Rigorose Schutzmassnahmen bringen zum Jahresende gute Nachrichten für den Wisent, eine europäische Rinderart: Das Tier, auch europäischer Bison genannt, ist weniger stark gefährdet als bisher, berichtete die Weltnaturschutzunion (IUCN) am Donnerstag in Gland bei Genf. Sie verwaltet die Rote Liste der gefährdeten Arten und aktualisiert sie laufend.

Der Wisent (Bison bonasus) ist von Kategorie drei (»gefährdet») auf Kategorie zwei (»potenziell gefährdet») heruntergestuft worden.

6200 Tiere

Die Zahl der Wisente sei von 1800 im Jahr 2003 auf 6200 im vergangenen Jahr gestiegen, berichtete die IUCN. Anfang des 20. Jahrhunderts war die Art in der Wildnis schon einmal ausgestorben, überlebte aber in Zuchten und wurde in den 50er Jahren wieder ausgewildert. Die grössten Populationen befinden sich in Polen, Belarus und Russland.

Wisente sind Herdentiere und bilden Gruppen von bis zu einem Dutzend Tieren. Das Leittier ist immer eine ältere Kuh mit Kalb. Alte Bullen leben dagegen als Einzelgänger. Wisente werden bis zu drei Meter lang und haben eine Schulterhöhe von bis zu 1,95 Meter.  Die Bullen sind grösser als gleichaltrige Kühe und wiegen durchschnittlich zwischen 500 und 900 Kilogramm, Kühe bringen zwischen 300 bis 500 Kilogramm auf die Waage. Täglich nimmt ein ausgewachsenes Tier bis zu 60 kg Nahrung zu sich, hauptsächlich Gräser und Kräuter, aber auch junge Blätter, Triebe und Rinde sowie im Herbst Eicheln und Bucheckern.

36’000 Arten vom Aussterben bedroht

Die IUCN listet Tiere und Pflanzen in acht Kategorien, von «ausgestorben» bis «nicht gefährdet». Manche Arten können nicht eingeordnet werden, weil nicht genügend Daten vorliegen. Auf der Liste stehen jetzt fast 129›000 Tier- und Pflanzenarten, von denen fast 36’000 vom Aussterben bedroht sind.

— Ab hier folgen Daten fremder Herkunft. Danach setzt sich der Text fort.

lemma cyl_param_circumference_coprime:
  assumes "cyl_param w h t s L om c eta"
    and mn: "of_real c * om = Complex (of_int m * w - of_int n * t) (of_int n * h)"
  shows "coprime m n"
proof -
  obtain b where c: "0 < c" and eta: "0 < eta" and om: "cmod om = 1"
    and inj: "\<forall>u v u' v'. 0 < v \<and> v < eta \<and> 0 < v' \<and> v' < eta \<and>
                (b + Complex u v * om) - (b + Complex u' v' * om) \<in> lat w h t
                \<longrightarrow> v = v' \<and> (u - u') / c \<in> \<int>"
    using assms(1) unfolding cyl_param_def by blast
  define g where "g = gcd m n"
  obtain m' n' where m': "m = g * m'" and n': "n = g * n'"
    unfolding g_def by (meson dvd_def gcd_dvd1 gcd_dvd2)
  have "g \<noteq> 0"
  proof
    assume "g = 0"
    then have "of_real c * om = 0"
      using mn by (simp add: g_def complex_eq_iff)
    then show False
      using c om by simp
  qed
  then have g: "0 < g"
    unfolding g_def by (simp add: order_le_neq_trans)
  txt \<open>If g > 1, the lattice vector l = c om / g would identify points of a core curve at
    distance c / g < c.\<close>
  define l where "l = Complex (of_int m' * w - of_int n' * t) (of_int n' * h)"
  have "l \<in> lat w h t"
    unfolding l_def mem_lat_iff by blast
  moreover have "of_real c * om = of_int g * l"
    unfolding mn l_def m' n' by (simp add: complex_eq_iff algebra_simps)
  then have "(b + Complex (c / of_int g) (eta / 2) * om) - (b + Complex 0 (eta / 2) * om) = l"
    using g by (simp add: complex_eq_iff field_simps)
  ultimately have "(c / of_int g - 0) / c \<in> \<int>"
    using inj[rule_format, of "eta / 2" "eta / 2" "c / of_int g" 0] eta by simp
  then have "1 / of_int g \<in> (\<int> :: real set)"
    using c by simp
  then obtain k :: int where k: "1 / of_int g = (of_int k :: real)"
    by (auto elim!: Ints_cases)
  have "(0 :: real) < of_int k" "of_int k \<le> (1 :: real)"
    using g by (simp_all flip: k)
  then have "k = 1"
    by linarith
  then show ?thesis
    using k g by (simp add: coprime_iff_gcd_eq_1 g_def)
qed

In Mittelamerika seien drei Froscharten ausgestorben, berichtet die IUCN. In einem der grössten Seen der Philippinen, dem Lanao-See, seien 15 der 17 dort einst heimischen Frischwasserfische ausgestorben.

Die Haiart Carcharhinus obsolerus, die im vergangenen Jahr erstmals beschrieben wurde, ist jetzt in der Kategorie «vom Aussterben bedroht» aufgeführt. Die Rochenart Riesenmanta (Mobula birostris) wurde hochgestuft in die Kategorie «stark gefährdet». 30 Prozent der Rochen und Haie seien vom Aussterben bedroht, berichtete die Marine Megafauna-Stiftung. Dies sei eine Folge nicht nachhaltiger Fischerei.